Provided entries:

lemma sign_edge_measurable [measurable]:
  assumes "m \<in> {1..<k}"
  shows "sign_edge U m a b \<in> borel_measurable (gauss_space k)"
proof -
  have [measurable]: "(\<lambda>\<omega>. \<omega> (m, c)) \<in> borel_measurable (gauss_space k)" for c
    using gauss_space_coordinate_distributed[of "(m, c)" k] assms by (auto dest: distributed_measurable)
  show ?thesis
    unfolding sign_edge_def Yvec_nth by (simp add: Xvec_def) measurable
qed

lemma integral_sign_edge_ge:
  fixes U :: "real^'n::finite^'n"
  assumes U: "orthogonal_matrix U" and m: "m \<in> {1..<k}"
  shows "2 / pi * (U $ a $ b)\<^sup>2 \<le> (\<integral>\<omega>. sign_edge U m a b \<omega> \<partial>gauss_space k)"
proof -
  interpret prob_space "gauss_space k"
    by (rule prob_space_gauss_space)
  have "indep_vars (\<lambda>_. borel) (\<lambda>c \<omega>. \<omega> (m, c)) (UNIV :: 'n set)"
    using m by (intro indep_vars_gauss_space_coordinates) (auto simp: inj_on_def)
  then have "2 / pi * (U $ a $ b)\<^sup>2
      \<le> U $ a $ b * (\<integral>\<omega>. sgn (\<omega> (m, a)) * sgn (\<Sum>c\<in>UNIV. U $ c $ b * \<omega> (m, c)) \<partial>gauss_space k)"
    using m
    by (intro std_normal_sign_correlation_unit_vector orthogonal_matrix_column_sum_sq[OF U]
          gauss_space_coordinate_distributed) auto
  then show ?thesis
    by (simp add: sign_edge_def Yvec_nth Xvec_def mult.assoc)
qed

lemma indep_vars_sign_edge:
  fixes U :: "real^'n::finite^'n"
  assumes k: "2 \<le> k"
  shows "prob_space.indep_vars (gauss_space k) (\<lambda>_. borel) (\<lambda>m. sign_edge U m (i m) (i (Suc m))) {1..<k}"
proof -
  interpret prob_space "gauss_space k"
    by (rule prob_space_gauss_space)
  define K where "K = (\<lambda>m::nat. {m} \<times> (UNIV :: 'n set))"
  have "indep_vars (\<lambda>_. borel) (\<lambda>p \<omega>. \<omega> p) ({1..<k} \<times> (UNIV :: 'n set))"
    using k indep_vars_gauss_space_coordinates[of id "{1..<k} \<times> UNIV" k] by auto
  then have "indep_vars (\<lambda>m. PiM (K m) (\<lambda>_. borel)) (\<lambda>m \<omega>. restrict \<omega> (K m)) {1..<k}"
    by (rule indep_vars_restrict) (auto simp: K_def disjoint_family_on_def)
  then have "indep_vars (\<lambda>_. borel) (\<lambda>m \<omega>. sign_edge U m (i m) (i (Suc m)) (restrict \<omega> (K m))) {1..<k}"
  proof (rule indep_vars_compose2)
    fix m
    have [measurable]: "(\<lambda>\<omega>. \<omega> (m, c)) \<in> borel_measurable (PiM (K m) (\<lambda>_. borel))" for c
      by (rule measurable_component_singleton) (simp add: K_def)
    show "sign_edge U m (i m) (i (Suc m)) \<in> borel_measurable (PiM (K m) (\<lambda>_. borel))"
      unfolding sign_edge_def Yvec_nth by (simp add: Xvec_def) measurable
  qed
  moreover have "sign_edge U m a b (restrict \<omega> (K m)) = sign_edge U m a b \<omega>" for m a b \<omega>
    by (simp add: sign_edge_def Yvec_nth Xvec_def K_def)
  ultimately show ?thesis
    by simp
qed

lemma integrable_prod_sign_edge:
  assumes "2 \<le> k"
  shows "integrable (gauss_space k) (\<lambda>\<omega>. \<Prod>m\<in>{1..<k}. sign_edge U m (i m) (i (Suc m)) \<omega>)"
proof -
  interpret prob_space "gauss_space k"
    by (rule prob_space_gauss_space)
  show ?thesis
    by (intro integrable_const_bound[where B="\<Prod>m\<in>{1..<k}. \<bar>U $ i m $ i (Suc m)\<bar>"] AE_I2)
       (auto simp: abs_prod intro!: prod_mono abs_sign_edge_le borel_measurable_prod)
qed

lemma integral_prod_sign_edge_ge:
  fixes U :: "real^'n::finite^'n"
  assumes U: "orthogonal_matrix U" and k: "2 \<le> k"
  shows "(2 / pi) ^ (k - 1) * (\<Prod>m\<in>{1..<k}. (U $ i m $ i (Suc m))\<^sup>2)
    \<le> (\<integral>\<omega>. (\<Prod>m\<in>{1..<k}. sign_edge U m (i m) (i (Suc m)) \<omega>) \<partial>gauss_space k)"
proof -
  interpret prob_space "gauss_space k"
    by (rule prob_space_gauss_space)
  have "(2 / pi) ^ (k - 1) * (\<Prod>m\<in>{1..<k}. (U $ i m $ i (Suc m))\<^sup>2)
      = (\<Prod>m\<in>{1..<k}. 2 / pi * (U $ i m $ i (Suc m))\<^sup>2)"
    by (simp only: prod.distrib prod_constant card_atLeastLessThan)
  also have "\<dots> \<le> (\<Prod>m\<in>{1..<k}. \<integral>\<omega>. sign_edge U m (i m) (i (Suc m)) \<omega> \<partial>gauss_space k)"
    by (intro prod_mono conjI integral_sign_edge_ge[OF U]) auto
  also have "\<dots> = (\<integral>\<omega>. (\<Prod>m\<in>{1..<k}. sign_edge U m (i m) (i (Suc m)) \<omega>) \<partial>gauss_space k)"
    by (rule indep_vars_lebesgue_integral[symmetric, OF _ indep_vars_sign_edge[OF k]])
       (auto intro!: integrable_const_bound[where B="\<bar>U $ _ $ _\<bar>"] abs_sign_edge_le)
  finally show ?thesis .
qed

theorem mainTheorem13:
  fixes U :: "real^'n::finite^'n" and k :: nat
  assumes "orthogonal_matrix U" and "k \<ge> 2"
  shows "(2 / pi) ^ (k - 1) \<le>
    (\<integral>\<omega>. phiU U k (zvec U k \<omega>) \<partial>(gauss_space k :: ((nat \<times> 'n) \<Rightarrow> real) measure))"
proof -
  let ?paths = "PiE {1..k} (\<lambda>_. UNIV :: 'n set)"
  let ?F = "\<lambda>i \<omega>. \<Prod>m\<in>{1..<k}. sign_edge U m (i m) (i (Suc m)) \<omega>"
  have int: "integrable (gauss_space k) (?F i)" for i
    by (rule integrable_prod_sign_edge[OF assms(2)])
  have "(\<Sum>i\<in>?paths. \<Prod>m\<in>{1..<k}. (U $ i m $ i (Suc m))\<^sup>2) = real CARD('n)"
    using assms by (intro sum_paths_prod_row_stochastic orthogonal_matrix_row_sum_sq) auto
  then have "(2 / pi) ^ (k - 1)
      = (\<Sum>i\<in>?paths. (2 / pi) ^ (k - 1) * (\<Prod>m\<in>{1..<k}. (U $ i m $ i (Suc m))\<^sup>2)) / real CARD('n)"
    by (simp add: sum_distrib_left[symmetric])
  also have "\<dots> \<le> (\<Sum>i\<in>?paths. \<integral>\<omega>. ?F i \<omega> \<partial>gauss_space k) / real CARD('n)"
    using assms by (intro divide_right_mono sum_mono integral_prod_sign_edge_ge) auto
  also have "\<dots> = (\<integral>\<omega>. (\<Sum>i\<in>?paths. ?F i \<omega>) \<partial>gauss_space k) / real CARD('n)"
    using int by simp
  also have "\<dots> = (\<integral>\<omega>. phiU U k (zvec U k \<omega>) \<partial>gauss_space k)"
    using assms by (simp add: phiU_zvec_eq_sum_paths)
  finally show ?thesis .
qed

end
lemma integrable_iexp_mult:
  fixes h :: "real \<Rightarrow> complex"
  assumes "integrable lborel h"
  shows "integrable lborel (\<lambda>t. iexp (w * t) * h t)"
  using assms by (rule Bochner_Integration.integrable_bound) (use assms in \<open>auto simp: norm_mult\<close>)

lemma FT_diff:
  assumes "integrable lborel a" "integrable lborel b"
  shows "FT (\<lambda>t. a t - b t) w = FT a w - FT b w"
  unfolding FT_def right_diff_distrib
  by (rule Bochner_Integration.integral_diff) (intro integrable_iexp_mult assms)+

lemma FT_mult_left: "FT (\<lambda>t. c * h t) w = c * FT h w"
proof -
  have "(\<lambda>t. iexp (w * t) * (c * h t)) = (\<lambda>t. c * (iexp (w * t) * h t))"
    by (simp add: mult.left_commute)
  then show ?thesis
    unfolding FT_def by simp
qed

lemma FT_divide: "FT (\<lambda>t. h t / c) w = FT h w / c"
  unfolding FT_def by (simp add: integral_divide_zero[symmetric] del: integral_divide_zero)

lemma FT_reflect: "FT (\<lambda>t. h (- t)) w = FT h (- w)"
  unfolding FT_def
  using lborel_integral_real_affine[of "-1" "\<lambda>t. iexp (- w * t) * h t" 0] by simp

lemma FT_Re:
  fixes h :: "real \<Rightarrow> complex"
  assumes "integrable lborel h"
  shows "FT (\<lambda>t. of_real (Re (h t))) w = (FT h w + cnj (FT h (- w))) / 2"
proof -
  have "FT (\<lambda>t. of_real (Re (h t))) w
      = (LINT t|lborel. (iexp (w * t) * h t + cnj (iexp (- w * t) * h t)) / 2)"
    unfolding FT_def
    by (rule Bochner_Integration.integral_cong)
       (simp_all add: exp_cnj complex_add_cnj distrib_left[symmetric])
  also have "\<dots> = ((LINT t|lborel. iexp (w * t) * h t) + (LINT t|lborel. cnj (iexp (- w * t) * h t))) / 2"
    unfolding integral_divide_zero
    by (intro arg_cong[where f="\<lambda>z. z / 2"] Bochner_Integration.integral_add integrable_cnj
        integrable_iexp_mult assms)
  finally show ?thesis
    by (simp only: FT_def Bochner_Integration.integral_cnj)
qed

lemma char_density_lborel:
  fixes p :: "real \<Rightarrow> real"
  assumes "\<And>x. 0 \<le> p x" "p \<in> borel_measurable borel"
  shows "char (density lborel (\<lambda>x. ennreal (p x))) w = FT (\<lambda>x. of_real (p x)) w"
  unfolding char_def FT_def using assms
  by (subst integral_density) (auto simp: scaleR_conv_of_real mult.commute)

lemma real_distribution_density_lborel:
  fixes p :: "real \<Rightarrow> real"
  assumes "\<And>x. 0 \<le> p x" "integrable lborel p" "(LINT x|lborel. p x) = 1"
  shows "real_distribution (density lborel (\<lambda>x. ennreal (p x)))"
  unfolding real_distribution_def real_distribution_axioms_def
proof (intro conjI prob_spaceI)
  have "emeasure (density lborel (\<lambda>x. ennreal (p x))) UNIV = (\<integral>\<^sup>+ x. ennreal (p x) \<partial>lborel)"
    using assms(2) by (simp add: emeasure_density)
  also have "\<dots> = 1"
    using assms by (subst nn_integral_eq_integral) auto
  finally show "emeasure (density lborel (\<lambda>x. ennreal (p x))) (space (density lborel (\<lambda>x. ennreal (p x)))) = 1"
    by simp
qed simp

Goal of the exercise: From the material above, retype precisely the lines between the line holding "(\<integral>\<omega>. (\<Sum>i\<in>?paths. ?F" and the line holding "k \<omega>) \<partial>gauss_space", inclusive, and nothing beyond them.

Task answer:
  also have "\<dots> = (\<integral>\<omega>. (\<Sum>i\<in>?paths. ?F i \<omega>) \<partial>gauss_space k) / real CARD('n)"
    using int by simp
  also have "\<dots> = (\<integral>\<omega>. phiU U k (zvec U k \<omega>) \<partial>gauss_space k)"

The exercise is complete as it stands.